[Input records Boundary: Start]

(* Let $H=\operatorname{diag}(\lambda_1,\dots,\lambda_n)$ with $\lambda_1\ge\dots\ge\lambda_{n-p}\ge0>\lambda_{n-p+1}\ge\dots\ge\lambda_n$ for some $1\le p<n$, let $L=\max(\lambda_1,-\lambda_n)$ and $0<\alpha<1/L$. Let $(\gamma_k)_{k\ge1}$, $(\beta_k)_{k\ge1}$ be nondecreasing sequences in $[0,1]$ with $\gamma_k=\beta_k$ for all $k$ and $\lim_{k\to\infty}\gamma_k=\lim_{k\to\infty}\beta_k=1$. For $i$ with $\lambda_i<0$ define $b_{i,0}=0$ and, for $k\ge1$, \[ b_{i,k}=(\beta_k+\gamma_k\alpha|\lambda_i|)\Big(1-\frac{1}{1+b_{i,k-1}}\Big)+\alpha|\lambda_i|. \] Then for all $i$ with $\lambda_i<0$, \[ \lim_{k\to\infty}b_{i,k}=\alpha|\lambda_i|+\sqrt{\alpha|\lambda_i|}\sqrt{1+\alpha|\lambda_i|}. \]
   Context: The quantities $b_{i,k}$ describe the per-iteration growth factors $x_i^{k+1}=x_i^0\prod_{m=0}^k(1+b_{i,m})$ of the components along negative-curvature directions for the accelerated gradient iteration $y^k=x^k+\gamma_k(x^k-x^{k-1})$, $x^{k+1}=x^k+\beta_k(x^k-x^{k-1})-\alpha Hy^k$, $x^0=x^1$, applied to $f(x)=\frac12x^THx$. *)

theory Defs
  imports Complex_Main
begin

fun growth_b :: "real \<Rightarrow> real \<Rightarrow> (nat \<Rightarrow> real) \<Rightarrow> (nat \<Rightarrow> real) \<Rightarrow> nat \<Rightarrow> real" where
  "growth_b a lam beta gamma 0 = 0"
| "growth_b a lam beta gamma (Suc k) =
     (beta (Suc k) + gamma (Suc k) * a * \<bar>lam\<bar>) * (1 - 1 / (1 + growth_b a lam beta gamma k))
     + a * \<bar>lam\<bar>"

end

theory Submission
  imports Defs
begin

text \<open>With \<open>\<gamma>\<^sub>k = \<beta>\<^sub>k\<close> and \<open>c = \<alpha>|\<lambda>\<^sub>i|\<close> the recursion reads
  \<open>b\<^sub>k = g(\<beta>\<^sub>k, b\<^sub>k\<^sub>-\<^sub>1)\<close> with \<open>g(t, x) = t(1 + c)(1 - 1/(1 + x)) + c\<close>, a map that is
  nondecreasing in both arguments on the nonnegative quadrant. Starting from \<open>b\<^sub>0 = 0\<close>,
  the iterates therefore increase and stay below the positive fixed point \<open>s\<close> of \<open>g(1, \<cdot>)\<close>;
  their limit is a nonnegative fixed point of \<open>g(1, \<cdot>)\<close>, i.e. a root of
  \<open>(l - c)\<^sup>2 = c(1 + c)\<close>, and so equals \<open>s = c + \<surd>c \<surd>(1 + c)\<close>.\<close>

definition growth_map :: "real \<Rightarrow> real \<Rightarrow> real \<Rightarrow> real" where
  "growth_map c t x = t * (1 + c) * (1 - 1 / (1 + x)) + c"

lemma growth_map_mono:
  assumes "0 \<le> c" "0 \<le> t" "t \<le> t'" "0 \<le> x" "x \<le> x'"
  shows "growth_map c t x \<le> growth_map c t' x'"
proof -
  have frac: "0 \<le> 1 - 1 / (1 + x)" "1 - 1 / (1 + x) \<le> 1 - 1 / (1 + x')"
    using assms by (auto simp: field_simps)
  have "t * (1 - 1 / (1 + x)) \<le> t' * (1 - 1 / (1 + x'))"
    using assms frac by (intro mult_mono) auto
  then show ?thesis
    using assms by (simp add: growth_map_def mult_left_mono mult.assoc mult.left_commute)
qed

lemma growth_map_fixed_point_iff:
  assumes c: "0 \<le> c" and l: "0 \<le> l"
  shows "growth_map c 1 l = l \<longleftrightarrow> l = c + sqrt c * sqrt (1 + c)"
proof -
  have "growth_map c 1 l = l \<longleftrightarrow> (l - c)\<^sup>2 = c * (1 + c)"
    using l by (simp add: growth_map_def field_simps power2_eq_square) argo
  also have "\<dots> \<longleftrightarrow> l - c = sqrt (c * (1 + c))"
  proof
    assume sq: "(l - c)\<^sup>2 = c * (1 + c)"
    show "l - c = sqrt (c * (1 + c))"
    proof (cases "l \<ge> c")
      case True
      then show ?thesis using sq by (metis diff_ge_0_iff_ge real_sqrt_unique)
    next
      case False
      \<comment> \<open>below \<open>c\<close>, \<open>0 \<le> l\<close> forces \<open>(c - l)\<^sup>2 \<le> c\<^sup>2\<close>, which is less than \<open>c(1 + c)\<close> unless \<open>c = 0\<close>\<close>
      have "(c - l)\<^sup>2 \<le> c\<^sup>2" using False l by (intro power_mono) auto
      then show ?thesis using sq False c l by (simp add: power2_eq_square algebra_simps)
    qed
  qed (use c in simp)
  finally show ?thesis using c by (auto simp: real_sqrt_mult)
qed

lemma growth_iteration_tendsto:
  fixes c :: real and t b :: "nat \<Rightarrow> real"
  assumes c: "0 \<le> c"
    and t_mono: "\<And>k. 1 \<le> k \<Longrightarrow> t k \<le> t (Suc k)"
    and t_range: "\<And>k. 1 \<le> k \<Longrightarrow> 0 \<le> t k \<and> t k \<le> 1"
    and t_lim: "t \<longlonglongrightarrow> 1"
    and b_0: "b 0 = 0"
    and b_Suc: "\<And>k. b (Suc k) = growth_map c (t (Suc k)) (b k)"
  shows "b \<longlonglongrightarrow> c + sqrt c * sqrt (1 + c)"
proof -
  define s where "s = c + sqrt c * sqrt (1 + c)"
  have s_nonneg: "0 \<le> s" using c by (simp add: s_def)
  have s_fixed: "growth_map c 1 s = s"
    using growth_map_fixed_point_iff[OF c s_nonneg] by (simp add: s_def)
  have b_nonneg: "0 \<le> b k" for k
  proof (induction k)
    case (Suc j)
    have "growth_map c 0 0 \<le> growth_map c (t (Suc j)) (b j)"
      using Suc c t_range[of "Suc j"] by (intro growth_map_mono) auto
    then show ?case using c by (simp add: b_Suc growth_map_def)
  qed (simp add: b_0)
  have "b k \<le> b (Suc k)" for k
  proof (induction k)
    case (Suc j)
    then show ?case
      unfolding b_Suc[of "Suc j"] b_Suc[of j]
      using c b_nonneg t_mono[of "Suc j"] t_range[of "Suc j"] by (intro growth_map_mono) auto
  qed (simp add: b_0 b_nonneg)
  then have b_inc: "incseq b" by (rule incseq_SucI)
  have b_bounded: "b k \<le> s" for k
  proof (induction k)
    case (Suc j)
    have "growth_map c (t (Suc j)) (b j) \<le> growth_map c 1 s"
      using Suc c b_nonneg t_range[of "Suc j"] by (intro growth_map_mono) auto
    then show ?case using b_Suc s_fixed by simp
  qed (simp add: b_0 s_nonneg)
  obtain l where b_lim: "b \<longlonglongrightarrow> l" and b_le: "\<And>k. b k \<le> l"
    using incseq_convergent[OF b_inc, of s] b_bounded by blast
  have l_nonneg: "0 \<le> l" using b_le[of 0] b_0 by simp
  have "(\<lambda>k. growth_map c (t (Suc k)) (b k)) \<longlonglongrightarrow> growth_map c 1 l"
    unfolding growth_map_def using l_nonneg
    by (intro tendsto_intros LIMSEQ_Suc[OF t_lim] b_lim) auto
  moreover have "(\<lambda>k. growth_map c (t (Suc k)) (b k)) \<longlonglongrightarrow> l"
    using LIMSEQ_Suc[OF b_lim] by (simp add: b_Suc)
  ultimately have "growth_map c 1 l = l" by (rule LIMSEQ_unique)
  then show ?thesis
    using b_lim growth_map_fixed_point_iff[OF c l_nonneg] by simp
qed

lemma growth_b_Suc_eq_growth_map:
  assumes "gamma (Suc k) = beta (Suc k)"
  shows "growth_b a lam beta gamma (Suc k)
    = growth_map (a * \<bar>lam\<bar>) (beta (Suc k)) (growth_b a lam beta gamma k)"
  using assms by (simp add: growth_map_def algebra_simps)

theorem corollary4p3:
  fixes n p :: nat and lam :: "nat \<Rightarrow> real" and L \<alpha> :: real
    and \<beta> \<gamma> :: "nat \<Rightarrow> real"
  assumes hp: "1 \<le> p" "p < n"
    and hsorted: "\<And>i j. 1 \<le> i \<Longrightarrow> i \<le> j \<Longrightarrow> j \<le> n \<Longrightarrow> lam j \<le> lam i"
    and hnonneg: "lam (n - p) \<ge> 0"
    and hneg: "lam (n - p + 1) < 0"
    and hL: "L = max (lam 1) (- lam n)"
    and h\<alpha>: "0 < \<alpha>" "\<alpha> < 1 / L"
    and h\<gamma>mono: "\<And>k. 1 \<le> k \<Longrightarrow> \<gamma> k \<le> \<gamma> (Suc k)"
    and h\<beta>mono: "\<And>k. 1 \<le> k \<Longrightarrow> \<beta> k \<le> \<beta> (Suc k)"
    and h\<gamma>range: "\<And>k. 1 \<le> k \<Longrightarrow> 0 \<le> \<gamma> k \<and> \<gamma> k \<le> 1"
    and h\<beta>range: "\<And>k. 1 \<le> k \<Longrightarrow> 0 \<le> \<beta> k \<and> \<beta> k \<le> 1"
    and heq: "\<And>k. 1 \<le> k \<Longrightarrow> \<gamma> k = \<beta> k"
    and h\<gamma>lim: "\<gamma> \<longlonglongrightarrow> 1"
    and h\<beta>lim: "\<beta> \<longlonglongrightarrow> 1"
  shows "\<forall>i. 1 \<le> i \<and> i \<le> n \<and> lam i < 0 \<longrightarrow>
           (\<lambda>k. growth_b \<alpha> (lam i) \<beta> \<gamma> k) \<longlonglongrightarrow>
             \<alpha> * \<bar>lam i\<bar> + sqrt (\<alpha> * \<bar>lam i\<bar>) * sqrt (1 + \<alpha> * \<bar>lam i\<bar>)"
proof (intro allI impI)
  fix i
  have "0 \<le> \<alpha> * \<bar>lam i\<bar>" using h\<alpha> by simp
  then show "(\<lambda>k. growth_b \<alpha> (lam i) \<beta> \<gamma> k) \<longlonglongrightarrow>
      \<alpha> * \<bar>lam i\<bar> + sqrt (\<alpha> * \<bar>lam i\<bar>) * sqrt (1 + \<alpha> * \<bar>lam i\<bar>)"
    using h\<beta>mono h\<beta>range h\<beta>lim
    by (rule growth_iteration_tendsto) (simp_all add: growth_b_Suc_eq_growth_map heq del: growth_b.simps(2))
qed

end
theorem theorem3p1:
  fixes h :: real
  assumes "h > 0"
  shows "(\<forall>\<alpha> \<beta> \<gamma> \<omega>. mu_loc h \<alpha> \<beta> \<gamma> \<omega> \<ge> (9 + 8 * sqrt 10) / 215)
     \<and> mu_loc h (44/24) (10/24) (3/24) ((309 - 12 * sqrt 10) / 1720) = (9 + 8 * sqrt 10) / 215"
proof -
  define t where "t = (2 * sqrt 10 - 7) / 9"
  define \<mu> where "\<mu> = (9 + 8 * sqrt 10) / 215"
  define \<omega> where "\<omega> = (309 - 12 * sqrt 10) / 1720"
  note t = critical_point_sqrt10[folded t_def]
  have "0 < 515 + 20 * sqrt 10"
    by (simp add: add_pos_nonneg)
  then have "(weight_sum t - 1) / (weight_sum t + 1) = \<mu>"
    unfolding t(4) \<mu>_def by (simp add: field_simps)
  then have lower: "\<mu> \<le> mu_loc h \<alpha> \<beta> \<gamma> \<omega>'" for \<alpha> \<beta> \<gamma> \<omega>'
    using mu_loc_ge_weight_sum[of h t] assms t by simp
  have "1 - 16/3 * \<omega> = \<mu>" "16/3 * \<omega> * weight_sum t - 1 = \<mu>" "0 \<le> \<mu>"
    unfolding t(4) \<mu>_def \<omega>_def by (simp_all add: field_simps)
  moreover have "0 \<le> \<omega>"
    using t(3) unfolding t_def \<omega>_def by simp
  ultimately have "mu_loc h (44/24) (10/24) (3/24) \<omega> \<le> \<mu>"
    using mu_loc_SPAI_le[of h \<omega> t] assms t by (simp add: abs_minus_commute)
  then show ?thesis
    using lower unfolding \<mu>_def \<omega>_def by (auto intro: order.antisym)
qed

end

[Input records Boundary: End]

Word for word, restate the lines of the data above that fall between the line holding "define \<omega> where" and the line holding "using t(3) unfolding", inclusive, and no other lines.

  define \<omega> where "\<omega> = (309 - 12 * sqrt 10) / 1720"
  note t = critical_point_sqrt10[folded t_def]
  have "0 < 515 + 20 * sqrt 10"
    by (simp add: add_pos_nonneg)
  then have "(weight_sum t - 1) / (weight_sum t + 1) = \<mu>"
    unfolding t(4) \<mu>_def by (simp add: field_simps)
  then have lower: "\<mu> \<le> mu_loc h \<alpha> \<beta> \<gamma> \<omega>'" for \<alpha> \<beta> \<gamma> \<omega>'
    using mu_loc_ge_weight_sum[of h t] assms t by simp
  have "1 - 16/3 * \<omega> = \<mu>" "16/3 * \<omega> * weight_sum t - 1 = \<mu>" "0 \<le> \<mu>"
    unfolding t(4) \<mu>_def \<omega>_def by (simp_all add: field_simps)
  moreover have "0 \<le> \<omega>"
    using t(3) unfolding t_def \<omega>_def by simp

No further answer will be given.